For the first case, we don't want to see <Ds> no
in the diagram
/one$/ !<Ds> no <Ss> is <Pp> here.
/one$/ !( <Ds> no ) <Ss> is <Pp> here.
For the second case, we must see a <Ds> no
.
/one$/ #<Ds> no <Ss> is <Pp> here
/one$/ #( <Ds> no ) <Ss> is <Pp> here
Of course, the second template can also be written as
no <Ds> one <Ss> is <Pp> here
, but it loses the flavor of branching operator and deviates from the educational intention.
EXAMPLE VI
Another type of branching, called 'grouping', is introduced here, with which we can write optional paths for a template.
/John/ @( <Ss> _v_ | <AN> _a_ )
In this case, the matcher will first try to match <Ss> and _v_ after successfully matching John. If it fails, it will try <AN> and _a_ later. @ is used for grouping, with which we can group various template paths together into one. If parentheses without anything appended to the front, @ will be appended.
EXAMPLE VIII
Another operator is designed to capture desired words.
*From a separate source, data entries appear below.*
lemma cat_weight_leg [simp]: "cat_weight l y {Inl v, Inr i} = l v"
proof -
  have "Inl -` {Inl v, Inr i :: 'a + nat} = {v}" by auto
  then show ?thesis by (simp add: cat_weight_def)
qed

lemma cat_weight_spine [simp]: "cat_weight l y {Inr i, Inr (Suc i)} = y (Suc i) - y i"
proof -
  have "Inl -` {Inr i, Inr (Suc i) :: 'a + nat} = {}"
    and "Inr -` {Inr i, Inr (Suc i) :: 'a + nat} = {i, Suc i}"
    by auto
  then show ?thesis by (simp add: cat_weight_def)
qed

lemma cat_edgesE:
  assumes "e \<in> cat_edges vs"
  obtains (leg) i where "i < length vs" "e = {Inl (vs ! i), Inr i}"
    | (spine) i where "Suc i < length vs" "e = {Inr i, Inr (Suc i)}"
  using assms unfolding cat_edges_def by blast

lemma cat_spine_path: "is_path (cat_nodes vs) (cat_edges vs) (cat_spine vs)"
  unfolding is_path_def cat_spine_def by (auto simp: distinct_map cat_nodes_def cat_edges_def)

lemma cat_spine_foot:
  assumes "i < length vs"
  shows "spine_foot (cat_edges vs) (cat_spine vs) (Inl (vs ! i)) i"
    and "spine_foot (cat_edges vs) (cat_spine vs) (Inr i) i"
  using assms by (auto simp: spine_foot_def cat_spine_def cat_edges_def)

lemma cat_node_has_foot:
  assumes "p \<in> cat_nodes vs"
  shows "\<exists>i. spine_foot (cat_edges vs) (cat_spine vs) p i"
proof -
  consider i where "i < length vs" "p = Inl (vs ! i)" | i where "i < length vs" "p = Inr i"
    using assms by (auto simp: cat_nodes_def in_set_conv_nth)
  then show ?thesis
    by cases (use cat_spine_foot in blast)+
qed

text \<open>Height n for the legs and i for the i-th spine node: below every node there is at most
  one neighbour, the previous spine node or the foot of a leg.\<close>

lemma cat_acyclic:
  assumes "distinct vs"
  shows "acyclic_graph (cat_nodes vs) (cat_edges vs)"
proof (rule acyclic_graph_by_height)
  let ?h = "\<lambda>p. case p of Inl _ \<Rightarrow> length vs | Inr i \<Rightarrow> i"
  have lower:
    "(\<exists>i. z = Inr (Suc i) \<and> y = Inr i) \<or> (\<exists>i. i < length vs \<and> z = Inl (vs ! i) \<and> y = Inr i)"
    if "{z, y} \<in> cat_edges vs" "?h y \<le> ?h z" for z y
    using that(1)
  proof (cases rule: cat_edgesE)
    case (leg i)
    then show ?thesis using that(2) by (auto simp: doubleton_eq_iff)
  next
    case (spine i)
    then show ?thesis using that(2) by (auto simp: doubleton_eq_iff)
  qed
  fix z y1 y2
  assume "{z, y1} \<in> cat_edges vs" "{z, y2} \<in> cat_edges vs" "?h y1 \<le> ?h z" "?h y2 \<le> ?h z"
  then show "y1 = y2"
    using lower[of z y1] lower[of z y2] assms by (auto simp: nth_eq_iff_index_eq)
qed

lemma cat_is_tree:
  assumes "distinct vs"
  shows "is_tree (cat_nodes vs) (cat_edges vs)"
  unfolding is_tree_def
proof (intro conjI)
  show "finite (cat_nodes vs)" by (simp add: cat_nodes_def)
  show "simple_graph (cat_nodes vs) (cat_edges vs)"
    unfolding simple_graph_def
  proof
    fix e assume "e \<in> cat_edges vs"
    then show "\<exists>u v. u \<noteq> v \<and> u \<in> cat_nodes vs \<and> v \<in> cat_nodes vs \<and> e = {u, v}"
    proof (cases rule: cat_edgesE)
      case (leg i)
      show ?thesis
        by (rule exI[of _ "Inl (vs ! i)"], rule exI[of _ "Inr i"])
          (use leg in \<open>auto simp: cat_nodes_def\<close>)
    next
      case (spine i)
      show ?thesis
        by (rule exI[of _ "Inr i"], rule exI[of _ "Inr (Suc i)"])
          (use spine in \<open>auto simp: cat_nodes_def\<close>)
    qed
  qed
  show "connected_graph (cat_nodes vs) (cat_edges vs)"
    unfolding connected_graph_def
  proof (intro ballI)
    fix p q assume pq: "p \<in> cat_nodes vs" "q \<in> cat_nodes vs"
    show "\<exists>xs. is_path (cat_nodes vs) (cat_edges vs) xs \<and> xs \<noteq> [] \<and> hd xs = p \<and> last xs = q"
    proof (cases "p = q")
      case True
      then show ?thesis using pq by (intro exI[of _ "[p]"]) simp
    next
      case False
      then show ?thesis
        using cat_node_has_foot[OF pq(1)] cat_node_has_foot[OF pq(2)] pq
          spine_path[OF cat_spine_path, where w = "\<lambda>_. 0"] by fastforce
    qed
  qed
  show "acyclic_graph (cat_nodes vs) (cat_edges vs)"
    using assms by (rule cat_acyclic)
qed

lemma cat_degree_leg:
  assumes "distinct vs" "v \<in> set vs"
  shows "degree (cat_edges vs) (Inl v) \<le> 1"
proof -
  obtain i where i: "i < length vs" "vs ! i = v" using assms(2) by (auto simp: in_set_conv_nth)
  have "{e \<in> cat_edges vs. Inl v \<in> e} \<subseteq> {{Inl v, Inr i}}"
    using assms(1) i by (auto simp: cat_edges_def nth_eq_iff_index_eq)
  then have "card {e \<in> cat_edges vs. Inl v \<in> e} \<le> card {{Inl v, Inr i :: 'a + nat}}"
    by (intro card_mono) auto
  then show ?thesis by (simp add: degree_def)
qed

lemma cat_degree_spine:
  assumes "2 \<le> length vs" "i < length vs"
  shows "2 \<le> degree (cat_edges vs) (Inr i)"
proof -
  have "{i. Suc i < length vs} = {..<length vs - 1}" by auto
  then have fin: "finite (cat_edges vs)"
    by (simp add: cat_edges_def)
  have leg: "{Inr i, Inl (vs ! i)} \<in> cat_edges vs"
    using assms by (auto simp: cat_edges_def insert_commute)
  show ?thesis
  proof (cases "Suc i < length vs")
    case True
    then have "{Inr i, Inr (Suc i)} \<in> cat_edges vs" by (auto simp: cat_edges_def)
    then show ?thesis using two_le_degree[OF fin leg] by blast
  next
    case False
    then obtain j where "i = Suc j" using assms by (cases i) auto
    then have "{Inr i, Inr j} \<in> cat_edges vs"
      using assms by (auto simp: cat_edges_def insert_commute)
    then show ?thesis using two_le_degree[OF fin leg] by blast
  qed
qed

lemma cat_leaves:
  assumes "distinct vs" "2 \<le> length vs"
  shows "leaves (cat_nodes vs) (cat_edges vs) = Inl ` set vs"
  using cat_degree_leg[OF assms(1)] cat_degree_spine[OF assms(2)]
  by (fastforce simp: leaves_def cat_nodes_def)

lemma cat_caterpillar:
  assumes "distinct vs" "2 \<le> length vs"
  shows "caterpillar (cat_nodes vs) (cat_edges vs)"
  unfolding caterpillar_def
proof (intro conjI exI)
  show "is_tree (cat_nodes vs) (cat_edges vs)" using assms(1) by (rule cat_is_tree)
  show "is_path (cat_nodes vs) (cat_edges vs) (cat_spine vs)" by (rule cat_spine_path)
  show "{x \<in> cat_nodes vs. 2 \<le> degree (cat_edges vs) x} \<subseteq> set (cat_spine vs)"
    using cat_degree_leg[OF assms(1)] by (force simp: cat_nodes_def cat_spine_def)
qed

lemma cat_spine_pos:
  assumes "k < length vs"
  shows "spine_pos (cat_weight l y) (cat_spine vs) k = y k - y 0"
  using assms
proof (induction k)
  case 0
  then show ?case by (simp add: spine_pos_def cat_spine_def take_Suc_conv_app_nth)
next
  case (Suc k)
  have "take (Suc (Suc k)) (cat_spine vs) = take k (cat_spine vs) @ [Inr k] @ [Inr (Suc k)]"
    using Suc.prems by (simp add: cat_spine_def take_Suc_conv_app_nth)
  then have "spine_pos (cat_weight l y) (cat_spine vs) (Suc k) =
      spine_pos (cat_weight l y) (cat_spine vs) k + (y (Suc k) - y k)"
    using Suc.prems
      path_weight_append_overlap[of "cat_weight l y" "take k (cat_spine vs)" "Inr k" "[Inr (Suc k)]"]
    by (simp add: spine_pos_def cat_spine_def take_Suc_conv_app_nth)
  then show ?case using Suc by simp
qed

lemma cat_tree_dist:
  assumes vs: "distinct vs" and ij: "i < length vs" "j < length vs" "i \<noteq> j"
    and l: "\<forall>v\<in>set vs. 0 \<le> l v" and y: "\<And>k. Suc k < length vs \<Longrightarrow> y k \<le> y (Suc k)"
  shows "tree_dist (cat_nodes vs) (cat_edges vs) (cat_weight l y) (Inl (vs ! i)) (Inl (vs ! j)) =
    l (vs ! i) + l (vs ! j) + \<bar>y i - y j\<bar>"
proof -
  let ?w = "cat_weight l y" and ?S = "cat_spine vs"
  have w: "\<forall>e\<in>cat_edges vs. 0 \<le> ?w e"
    using l y by (auto simp: cat_edges_def)
  have leg: "Inl (vs ! k) \<in> cat_nodes vs" "Inl (vs ! k) \<notin> set ?S" if "k < length vs" for k
    using that by (auto simp: cat_nodes_def cat_spine_def)
  have "Inl (vs ! i) \<noteq> Inl (vs ! j)" using vs ij by (simp add: nth_eq_iff_index_eq)
  then have "tree_dist (cat_nodes vs) (cat_edges vs) ?w (Inl (vs ! i)) (Inl (vs ! j)) =
      leg_weight ?w ?S (Inl (vs ! i)) i + leg_weight ?w ?S (Inl (vs ! j)) j +
      \<bar>spine_pos ?w ?S i - spine_pos ?w ?S j\<bar>"
    using leg ij cat_spine_foot(1)
    by (intro tree_dist_spine[OF cat_acyclic[OF vs] cat_spine_path w]) auto
  also have "\<dots> = l (vs ! i) + l (vs ! j) + \<bar>y i - y j\<bar>"
    using leg(2) ij by (simp add: leg_weight_def cat_spine_pos) (simp add: cat_spine_def)
  finally show ?thesis .
qed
In one of the above examples,
%/^Monica/ <I*d> _v_ <Osn> _n_ <Mp> of <Js> Ross
if we add % to some of the word templates like
%/^Monica/ <I*d> %_v_ <Osn> %_n_ <Mp> of <Js> Ross
, then call item()
. The method will return 'blow' and 'apartment' for this example here. This feature is useful for further processing.
EXAMPLE IX
A finer word capturing can be done using (). In the above example,
%/^Monica/ <I*d> %_v_ <Osn> %_n_ <Mp> of <Js> Ross
If we parenthesize Mon in Monica as
%/^(Mon)ica/ <I*d> %_v_ <Osn> %_n_ <Mp> of <Js> Ross
After a successful matching, we can get Mon calling $matcher->item(0).
THE GRAMMAR
The grammar of the template language is listed, and the full grammar with semantic actions are in etc/Grammar.y
START -> RULE END_OF_RULE;
RULE -> WORD_PATTERN LINKS;
LINKS -> LINK | LINK LINKS | PLINKS |
LINKS OR LINKS |
# PLINKS LINKS | @ PLINKS LINKS | ! PLINKS LINKS |
_EPSILON_;
PLINKS -> ( LINKS );
LINK -> LABEL_PATTERN WORD_PATTERN;
LABEL_PATTERN -> LABEL | LABEL_REGULAR_EXPRESSION;
WORD_PATTERN -> WORD_ATOM | % WORD_ATOM;
WORD_ATOM -> WORD | WORD_REGULAR_EXPRESSION | POS_TAG |
! WORD | ! WORD_REGULAR_EXPRESSION | ! POS_TAG;
TO DO ...
The module cannot handle isolated linkages yet, but patches are always welcome. I also need to clean up some part of code. Besides, the interface is so bad for now.
SEE ALSO
COPYRIGHT AND LICENSE
Copyright (C) 2004 by Yung-chung Lin (a.k.a. xern) <xern@cpan.org>
This library is free software; Redistribution and/or modification under the same terms as Perl itself is allowed.